* RECORDS SUPPLIED
definition gauss_pt :: "'a::nonarch_field berk" where
  "gauss_pt = BAff (\<lambda>f. Max ((\<lambda>i. nabs (coeff f i)) ` {..degree f}))"

text \<open>A rational map phi = P/Q is given by a pair of coprime polynomials; its degree is
  max(deg P, deg Q).\<close>

definition rat_deg :: "'b::zero poly \<Rightarrow> 'b poly \<Rightarrow> nat" where
  "rat_deg P Q = max (degree P) (degree Q)"

text \<open>Numerator of g(P/Q) = comp_num P Q g / Q^(deg g).\<close>
definition comp_num :: "'b::comm_ring_1 poly \<Rightarrow> 'b poly \<Rightarrow> 'b poly \<Rightarrow> 'b poly" where
  "comp_num P Q g = (\<Sum>i\<le>degree g. smult (coeff g i) (P ^ i * Q ^ (degree g - i)))"

text \<open>Action on the Berkovich projective line: [g]_{phi(zeta)} = [g o phi]_zeta.\<close>
definition berk_map :: "'a::nonarch_field poly \<Rightarrow> 'a poly \<Rightarrow> 'a berk \<Rightarrow> 'a berk" where
  "berk_map P Q \<xi> = (case \<xi> of
      None \<Rightarrow> (if degree Q < degree P then BInfty
                  else type1pt (coeff P (degree Q) / lead_coeff Q))
    | Some z \<Rightarrow> (if z Q = 0 then BInfty
                  else BAff (\<lambda>g. z (comp_num P Q g) / z Q ^ degree g)))"

definition normalized :: "'a::nonarch_field poly \<Rightarrow> 'a poly \<Rightarrow> bool" where
  "normalized P Q \<longleftrightarrow> (\<forall>i. nabs (coeff P i) \<le> 1 \<and> nabs (coeff Q i) \<le> 1) \<and>
                        (\<exists>i. nabs (coeff P i) = 1 \<or> nabs (coeff Q i) = 1)"

definition norm_scalar :: "'a::nonarch_field poly \<Rightarrow> 'a poly \<Rightarrow> 'a" where
  "norm_scalar P Q = (SOME c. c \<noteq> 0 \<and> normalized (smult c P) (smult c Q))"

definition red_num0 :: "'a::nonarch_field poly \<Rightarrow> 'a poly \<Rightarrow> 'a res poly" where
  "red_num0 P Q = map_poly red (smult (norm_scalar P Q) P)"
definition red_den0 :: "'a::nonarch_field poly \<Rightarrow> 'a poly \<Rightarrow> 'a res poly" where
  "red_den0 P Q = map_poly red (smult (norm_scalar P Q) Q)"

definition red_num :: "'a::nonarch_field poly \<Rightarrow> 'a poly \<Rightarrow> 'a res poly" where
  "red_num P Q = red_num0 P Q div gcd (red_num0 P Q) (red_den0 P Q)"
definition red_den :: "'a::nonarch_field poly \<Rightarrow> 'a poly \<Rightarrow> 'a res poly" where
  "red_den P Q = red_den0 P Q div gcd (red_num0 P Q) (red_den0 P Q)"

definition good_reduction :: "'a::nonarch_field poly \<Rightarrow> 'a poly \<Rightarrow> bool" where
  "good_reduction P Q \<longleftrightarrow> rat_deg (red_num P Q) (red_den P Q) = rat_deg P Q"

text \<open>Points of P^1(K) are elements of K option, None being the point at infinity.\<close>

definition rat_eval :: "'b::field poly \<Rightarrow> 'b poly \<Rightarrow> 'b option \<Rightarrow> 'b option" where
  "rat_eval A B v = (case v of
      Some t \<Rightarrow> (if poly B t = 0 then None else Some (poly A t / poly B t))
    | None \<Rightarrow> (if degree B < degree A then None else Some (coeff A (degree B) / lead_coeff B)))"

* WHAT YOU WILL DO
Could you reproduce exactly the lines of the entries above, from the one with "0 then BInfty" through the one with "(\<exists>i. nabs (coeff", and nothing else?

* FINISHED TASK
    | Some z \<Rightarrow> (if z Q = 0 then BInfty
                  else BAff (\<lambda>g. z (comp_num P Q g) / z Q ^ degree g)))"

definition normalized :: "'a::nonarch_field poly \<Rightarrow> 'a poly \<Rightarrow> bool" where
  "normalized P Q \<longleftrightarrow> (\<forall>i. nabs (coeff P i) \<le> 1 \<and> nabs (coeff Q i) \<le> 1) \<and>
                        (\<exists>i. nabs (coeff P i) = 1 \<or> nabs (coeff Q i) = 1)"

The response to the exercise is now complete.